- What needs to be done
Go over the entries and report the lines where the word "thesis" occurs.
——————————
lemma finite_edges: "finite (verts G) \<Longrightarrow> finite (edges G)"
proof -
  assume "finite (verts G)"
  then have "finite ((\<lambda>(u, v). {u, v}) ` (SIGMA u:verts G. set (nbrs G u)))" by auto
  moreover have "edges G \<subseteq> (\<lambda>(u, v). {u, v}) ` (SIGMA u:verts G. set (nbrs G u))"
    unfolding edges_def by auto
  ultimately show ?thesis by (rule finite_subset[rotated])
qed

lemma card_verts_le_edge_cover:
  assumes "finite (verts G)" and "is_edge_cover G C"
  shows "card (verts G) \<le> 2 * card C"
proof -
  have "finite C" using assms finite_edges unfolding is_edge_cover_def by (meson finite_subset)
  have small: "finite e \<and> card e \<le> 2" if "e \<in> C" for e
  proof -
    have "e \<in> edges G" using that assms(2) unfolding is_edge_cover_def by auto
    then obtain u v where "e = {u, v}" unfolding edges_def by auto
    then show ?thesis by (simp add: card_insert_le_m1)
  qed
  have "verts G \<subseteq> \<Union>C" using assms unfolding is_edge_cover_def by auto
  then have "card (verts G) \<le> card (\<Union>C)" using \<open>finite C\<close> small by (intro card_mono) auto
  also have "\<dots> \<le> (\<Sum>e\<in>C. card e)" by (rule card_Union_le_sum_card)
  also have "\<dots> \<le> (\<Sum>e\<in>C. 2)" using small by (intro sum_mono) auto
  finally show ?thesis by simp
qed

definition cyc_succ :: "nat \<Rightarrow> nat \<Rightarrow> nat" where "cyc_succ n j = (j + 1) mod n"
definition cyc_pred :: "nat \<Rightarrow> nat \<Rightarrow> nat" where "cyc_pred n j = (j + n - 1) mod n"

lemma cyc_succ_less: "n > 0 \<Longrightarrow> cyc_succ n j < n"
  unfolding cyc_succ_def by simp

lemma cyc_pred_less: "n > 0 \<Longrightarrow> cyc_pred n j < n"
  unfolding cyc_pred_def by simp

lemma cyc_succ_eq: "k < n \<Longrightarrow> cyc_succ n k = (if k + 1 = n then 0 else k + 1)"
  unfolding cyc_succ_def by auto

lemma cyc_pred_eq: "k < n \<Longrightarrow> cyc_pred n k = (if k = 0 then n - 1 else k - 1)"
proof (cases "k = 0")
  case False
  assume "k < n"
  then have "cyc_pred n k = ((k - 1) + n) mod n" unfolding cyc_pred_def using False by simp
  also have "\<dots> = k - 1" using \<open>k < n\<close> by simp
  finally show ?thesis using False by simp
qed (simp add: cyc_pred_def)

lemma cyc_succ_mod: "cyc_succ n (a mod n) = (a + 1) mod n"
  unfolding cyc_succ_def by (simp add: mod_Suc_eq)

lemma cyc_pred_mod: "n > 0 \<Longrightarrow> cyc_pred n (a mod n) = (a + n - 1) mod n"
proof -
  assume "n > 0"
  then have "cyc_pred n (a mod n) = (a mod n + (n - 1)) mod n" unfolding cyc_pred_def by simp
  also have "\<dots> = (a + (n - 1)) mod n" by (simp add: mod_add_left_eq)
  finally show ?thesis using \<open>n > 0\<close> by simp
qed

lemma cyc_succ_pred: "j < n \<Longrightarrow> cyc_succ n (cyc_pred n j) = j"
  by (simp add: cyc_succ_eq cyc_pred_eq cyc_pred_less)

lemma cyc_pred_succ: "j < n \<Longrightarrow> cyc_pred n (cyc_succ n j) = j"
  by (auto simp: cyc_succ_eq cyc_pred_eq cyc_succ_less)

lemma cyc_succ_neq: "n \<ge> 2 \<Longrightarrow> j < n \<Longrightarrow> cyc_succ n j \<noteq> j"
  by (simp add: cyc_succ_eq)

lemma cyc_pred_neq: "n \<ge> 2 \<Longrightarrow> j < n \<Longrightarrow> cyc_pred n j \<noteq> j"
  by (auto simp: cyc_pred_eq)

lemma cyc_succ_succ_neq: "n \<ge> 3 \<Longrightarrow> j < n \<Longrightarrow> cyc_succ n (cyc_succ n j) \<noteq> j"
  by (auto simp: cyc_succ_eq cyc_succ_less)

lemma cyc_succ_neq_pred: "n \<ge> 3 \<Longrightarrow> j < n \<Longrightarrow> cyc_succ n j \<noteq> cyc_pred n j"
  by (metis cyc_succ_succ_neq cyc_succ_pred)

lemma even_cyc_pred_or_even: "j < n \<Longrightarrow> even (cyc_pred n j) \<or> even j"
  by (auto simp: cyc_pred_eq)

lemma even_or_even_cyc_succ: "odd n \<Longrightarrow> j < n \<Longrightarrow> even j \<or> even (cyc_succ n j)"
  by (auto simp: cyc_succ_eq)

lemma cyc_pred_add_Suc_mod: "n > 0 \<Longrightarrow> (cyc_pred n x + Suc j) mod n = (x + j) mod n"
proof -
  assume "n > 0"
  have "(cyc_pred n x + Suc j) mod n = ((x + n - 1) mod n + Suc j) mod n"
    unfolding cyc_pred_def ..
  also have "\<dots> = (x + n - 1 + Suc j) mod n" by (rule mod_add_left_eq)
  also have "x + n - 1 + Suc j = (x + j) + n" using \<open>n > 0\<close> by simp
  finally show ?thesis by simp
qed

lemma mod_add_left_cancel_less:
  fixes a j k n :: nat
  assumes "(a + j) mod n = (a + k) mod n" and "j < n" and "k < n"
  shows "j = k"
proof -
  have "(int a + int j) mod int n = (int a + int k) mod int n"
    using assms(1) by (metis of_nat_add of_nat_mod)
  then have "((int a + int j) - int a) mod int n = ((int a + int k) - int a) mod int n"
    by (rule mod_diff_cong) simp
  then show ?thesis using assms(2,3) by simp
qed

lemma cyc_succ_add_mod: "cyc_succ n ((j + a) mod n) = (cyc_succ n j + a) mod n"
  unfolding cyc_succ_def by (simp add: mod_simps ac_simps)

lemma cyc_pred_add_mod: "n > 0 \<Longrightarrow> cyc_pred n ((j + a) mod n) = (cyc_pred n j + a) mod n"
proof -
  assume "n > 0"
  have "cyc_pred n ((j + a) mod n) = ((j + a) mod n + (n - 1)) mod n"
    unfolding cyc_pred_def using \<open>n > 0\<close> by simp
  also have "\<dots> = (j + (n - 1) + a) mod n" by (simp add: mod_simps ac_simps)
  also have "\<dots> = (cyc_pred n j + a) mod n"
    unfolding cyc_pred_def using \<open>n > 0\<close> by (simp add: mod_simps)
  finally show ?thesis .
qed

text \<open>An edge set of the cycle on {..<n} is given by \<beta>, where \<beta> j says that the edge {j, j + 1} is
  chosen. Node j is covered iff \<beta> (j - 1) \<or> \<beta> j, and doubly covered iff \<beta> (j - 1) \<and> \<beta> j.\<close>

lemma card_ones_plus_zeros: "card {j. j < (n::nat) \<and> \<beta> j} + card {j. j < n \<and> \<not> \<beta> j} = n"
proof -
  have "{j. j < n \<and> \<beta> j} \<union> {j. j < n \<and> \<not> \<beta> j} = {..<n}" by auto
  moreover have "card ({j. j < n \<and> \<beta> j} \<union> {j. j < n \<and> \<not> \<beta> j}) =
      card {j. j < n \<and> \<beta> j} + card {j. j < n \<and> \<not> \<beta> j}"
    by (rule card_Un_disjoint) auto
  ultimately show ?thesis by simp
qed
——————————
- Reply to the task
  ultimately show ?thesis by (rule finite_subset[rotated])
    then show ?thesis by (simp add: card_insert_le_m1)
  finally show ?thesis by simp
  finally show ?thesis using False by simp
  finally show ?thesis using \<open>n > 0\<close> by simp
  finally show ?thesis by simp
  then show ?thesis using assms(2,3) by simp
  finally show ?thesis .
  ultimately show ?thesis by simp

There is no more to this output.